* WHAT TO WORK ON:
Scan the entries for "shows". Every line that holds it is to be copied.

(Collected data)

· · · ·

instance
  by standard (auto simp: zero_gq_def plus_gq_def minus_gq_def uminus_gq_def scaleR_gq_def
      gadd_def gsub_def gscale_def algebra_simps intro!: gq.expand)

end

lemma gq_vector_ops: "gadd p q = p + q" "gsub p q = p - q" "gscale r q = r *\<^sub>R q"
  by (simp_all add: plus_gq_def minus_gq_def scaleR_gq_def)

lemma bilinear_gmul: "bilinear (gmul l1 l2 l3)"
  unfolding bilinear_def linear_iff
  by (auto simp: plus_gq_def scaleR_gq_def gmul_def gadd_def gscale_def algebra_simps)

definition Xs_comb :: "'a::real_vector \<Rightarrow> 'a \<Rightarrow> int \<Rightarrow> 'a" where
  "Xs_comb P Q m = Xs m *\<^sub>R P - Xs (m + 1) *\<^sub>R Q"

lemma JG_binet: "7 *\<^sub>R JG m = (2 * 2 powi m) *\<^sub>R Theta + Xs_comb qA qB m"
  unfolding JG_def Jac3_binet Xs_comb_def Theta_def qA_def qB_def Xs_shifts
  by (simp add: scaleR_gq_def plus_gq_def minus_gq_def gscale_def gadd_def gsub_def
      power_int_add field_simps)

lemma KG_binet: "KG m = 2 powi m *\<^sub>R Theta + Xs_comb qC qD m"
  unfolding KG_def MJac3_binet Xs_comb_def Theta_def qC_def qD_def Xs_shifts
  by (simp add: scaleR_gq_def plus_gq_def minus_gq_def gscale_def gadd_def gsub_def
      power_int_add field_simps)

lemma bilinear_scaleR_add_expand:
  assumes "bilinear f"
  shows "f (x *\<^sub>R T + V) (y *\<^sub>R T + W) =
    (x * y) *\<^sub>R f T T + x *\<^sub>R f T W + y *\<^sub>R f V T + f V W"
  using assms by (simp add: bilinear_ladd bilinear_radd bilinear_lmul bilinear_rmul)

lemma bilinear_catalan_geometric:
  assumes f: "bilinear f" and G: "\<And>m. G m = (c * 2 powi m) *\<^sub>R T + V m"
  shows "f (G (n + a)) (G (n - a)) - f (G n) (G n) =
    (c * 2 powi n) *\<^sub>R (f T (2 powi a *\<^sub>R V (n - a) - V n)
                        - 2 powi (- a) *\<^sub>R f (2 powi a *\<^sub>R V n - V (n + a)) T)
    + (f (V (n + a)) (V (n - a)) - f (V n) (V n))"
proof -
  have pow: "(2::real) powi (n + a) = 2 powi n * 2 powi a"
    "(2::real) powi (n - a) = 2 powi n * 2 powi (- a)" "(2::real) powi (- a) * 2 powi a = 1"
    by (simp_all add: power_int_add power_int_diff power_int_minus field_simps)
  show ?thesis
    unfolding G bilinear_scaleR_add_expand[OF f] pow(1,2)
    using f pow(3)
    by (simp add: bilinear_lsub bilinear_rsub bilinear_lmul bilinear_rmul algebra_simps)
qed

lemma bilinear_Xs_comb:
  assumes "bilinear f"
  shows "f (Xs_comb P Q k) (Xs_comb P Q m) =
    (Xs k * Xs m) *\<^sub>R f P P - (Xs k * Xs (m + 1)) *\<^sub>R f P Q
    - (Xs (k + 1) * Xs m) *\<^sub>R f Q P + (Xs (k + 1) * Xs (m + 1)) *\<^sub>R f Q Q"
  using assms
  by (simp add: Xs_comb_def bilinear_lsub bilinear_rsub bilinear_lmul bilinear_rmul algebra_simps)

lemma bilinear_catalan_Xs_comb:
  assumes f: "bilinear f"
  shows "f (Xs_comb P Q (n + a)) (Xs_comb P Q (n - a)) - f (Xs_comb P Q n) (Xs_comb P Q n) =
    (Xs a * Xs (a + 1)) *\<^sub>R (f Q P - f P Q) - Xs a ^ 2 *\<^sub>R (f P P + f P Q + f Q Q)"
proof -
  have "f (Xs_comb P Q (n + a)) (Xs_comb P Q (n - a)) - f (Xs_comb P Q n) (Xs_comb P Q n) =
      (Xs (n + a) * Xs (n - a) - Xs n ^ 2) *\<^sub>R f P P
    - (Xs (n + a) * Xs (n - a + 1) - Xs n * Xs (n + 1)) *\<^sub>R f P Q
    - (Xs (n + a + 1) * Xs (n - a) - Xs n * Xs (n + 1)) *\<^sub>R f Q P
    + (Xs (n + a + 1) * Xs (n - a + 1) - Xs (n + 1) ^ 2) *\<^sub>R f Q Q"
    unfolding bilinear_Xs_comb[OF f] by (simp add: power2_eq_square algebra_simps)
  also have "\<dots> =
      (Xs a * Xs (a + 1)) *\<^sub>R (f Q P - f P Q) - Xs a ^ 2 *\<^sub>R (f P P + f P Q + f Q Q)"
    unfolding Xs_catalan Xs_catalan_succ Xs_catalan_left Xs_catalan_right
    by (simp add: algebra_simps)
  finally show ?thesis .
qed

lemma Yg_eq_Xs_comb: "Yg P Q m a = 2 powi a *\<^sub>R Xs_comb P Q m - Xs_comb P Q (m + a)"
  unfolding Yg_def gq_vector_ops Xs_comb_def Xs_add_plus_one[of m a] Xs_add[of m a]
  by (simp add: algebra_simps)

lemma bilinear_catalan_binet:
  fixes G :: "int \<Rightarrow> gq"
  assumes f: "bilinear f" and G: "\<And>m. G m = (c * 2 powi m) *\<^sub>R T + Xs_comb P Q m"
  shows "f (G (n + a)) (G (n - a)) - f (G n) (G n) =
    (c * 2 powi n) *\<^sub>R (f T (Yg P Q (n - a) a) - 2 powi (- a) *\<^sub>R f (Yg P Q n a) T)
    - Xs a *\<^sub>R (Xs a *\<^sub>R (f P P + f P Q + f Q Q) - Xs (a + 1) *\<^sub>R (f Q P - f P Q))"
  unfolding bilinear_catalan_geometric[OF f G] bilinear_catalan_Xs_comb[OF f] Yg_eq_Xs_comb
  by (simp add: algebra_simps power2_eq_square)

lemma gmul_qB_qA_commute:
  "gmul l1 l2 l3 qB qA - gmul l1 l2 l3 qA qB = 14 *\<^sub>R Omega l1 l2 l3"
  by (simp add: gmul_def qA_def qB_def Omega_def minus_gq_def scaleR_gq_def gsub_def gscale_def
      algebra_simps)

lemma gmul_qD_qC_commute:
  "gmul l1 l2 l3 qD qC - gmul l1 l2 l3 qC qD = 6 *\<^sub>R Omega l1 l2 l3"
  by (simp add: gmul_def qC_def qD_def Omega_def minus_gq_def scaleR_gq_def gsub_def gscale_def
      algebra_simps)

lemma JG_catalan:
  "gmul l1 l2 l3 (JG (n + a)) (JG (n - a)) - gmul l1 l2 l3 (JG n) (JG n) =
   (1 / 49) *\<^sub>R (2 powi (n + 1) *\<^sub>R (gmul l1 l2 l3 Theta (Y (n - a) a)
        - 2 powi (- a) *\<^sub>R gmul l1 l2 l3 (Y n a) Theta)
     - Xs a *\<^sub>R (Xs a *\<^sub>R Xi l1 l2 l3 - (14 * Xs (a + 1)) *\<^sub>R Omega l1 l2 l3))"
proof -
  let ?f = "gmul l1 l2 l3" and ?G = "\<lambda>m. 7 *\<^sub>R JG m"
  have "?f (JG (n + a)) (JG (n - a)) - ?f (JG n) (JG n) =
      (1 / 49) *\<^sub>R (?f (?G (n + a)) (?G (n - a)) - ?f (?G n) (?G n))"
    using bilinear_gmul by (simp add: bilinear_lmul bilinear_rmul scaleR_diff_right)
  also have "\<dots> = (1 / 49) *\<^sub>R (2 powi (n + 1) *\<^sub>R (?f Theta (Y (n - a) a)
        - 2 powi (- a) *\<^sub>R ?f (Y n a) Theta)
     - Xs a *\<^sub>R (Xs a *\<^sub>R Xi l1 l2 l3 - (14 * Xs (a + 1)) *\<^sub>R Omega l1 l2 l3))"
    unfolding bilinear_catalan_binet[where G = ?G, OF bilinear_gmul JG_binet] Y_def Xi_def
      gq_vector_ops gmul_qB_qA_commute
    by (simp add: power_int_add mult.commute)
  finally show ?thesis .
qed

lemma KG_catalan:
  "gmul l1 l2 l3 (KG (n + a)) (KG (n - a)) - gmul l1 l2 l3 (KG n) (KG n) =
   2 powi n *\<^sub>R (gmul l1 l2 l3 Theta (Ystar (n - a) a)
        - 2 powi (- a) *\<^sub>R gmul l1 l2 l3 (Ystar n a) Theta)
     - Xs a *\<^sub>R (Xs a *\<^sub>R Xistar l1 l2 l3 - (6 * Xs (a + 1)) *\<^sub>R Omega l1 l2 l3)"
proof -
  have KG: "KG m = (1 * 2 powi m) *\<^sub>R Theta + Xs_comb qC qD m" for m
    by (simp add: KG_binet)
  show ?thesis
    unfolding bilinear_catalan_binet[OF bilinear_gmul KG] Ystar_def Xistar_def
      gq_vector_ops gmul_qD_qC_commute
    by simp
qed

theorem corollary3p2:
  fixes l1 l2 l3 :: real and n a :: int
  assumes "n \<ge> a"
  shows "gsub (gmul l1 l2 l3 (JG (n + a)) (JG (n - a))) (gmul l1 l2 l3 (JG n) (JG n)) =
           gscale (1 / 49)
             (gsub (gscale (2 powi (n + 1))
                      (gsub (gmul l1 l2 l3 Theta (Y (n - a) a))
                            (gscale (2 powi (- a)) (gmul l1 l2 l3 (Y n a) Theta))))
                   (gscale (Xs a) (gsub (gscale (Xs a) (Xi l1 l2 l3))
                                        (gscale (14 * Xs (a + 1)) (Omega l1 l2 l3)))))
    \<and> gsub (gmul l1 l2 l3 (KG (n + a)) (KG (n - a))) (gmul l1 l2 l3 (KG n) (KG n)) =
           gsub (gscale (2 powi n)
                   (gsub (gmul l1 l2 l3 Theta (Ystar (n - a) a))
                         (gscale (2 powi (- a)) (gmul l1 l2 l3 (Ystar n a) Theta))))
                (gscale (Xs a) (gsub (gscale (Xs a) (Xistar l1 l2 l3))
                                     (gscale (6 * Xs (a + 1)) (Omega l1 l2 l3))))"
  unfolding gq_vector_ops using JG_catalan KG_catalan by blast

· · · ·

* RESULT FOR THIS TASK:
  shows "f (x *\<^sub>R T + V) (y *\<^sub>R T + W) =
  shows "f (G (n + a)) (G (n - a)) - f (G n) (G n) =
  shows "f (Xs_comb P Q k) (Xs_comb P Q m) =
  shows "f (Xs_comb P Q (n + a)) (Xs_comb P Q (n - a)) - f (Xs_comb P Q n) (Xs_comb P Q n) =
  shows "f (G (n + a)) (G (n - a)) - f (G n) (G n) =
  shows "gsub (gmul l1 l2 l3 (JG (n + a)) (JG (n - a))) (gmul l1 l2 l3 (JG n) (JG n)) =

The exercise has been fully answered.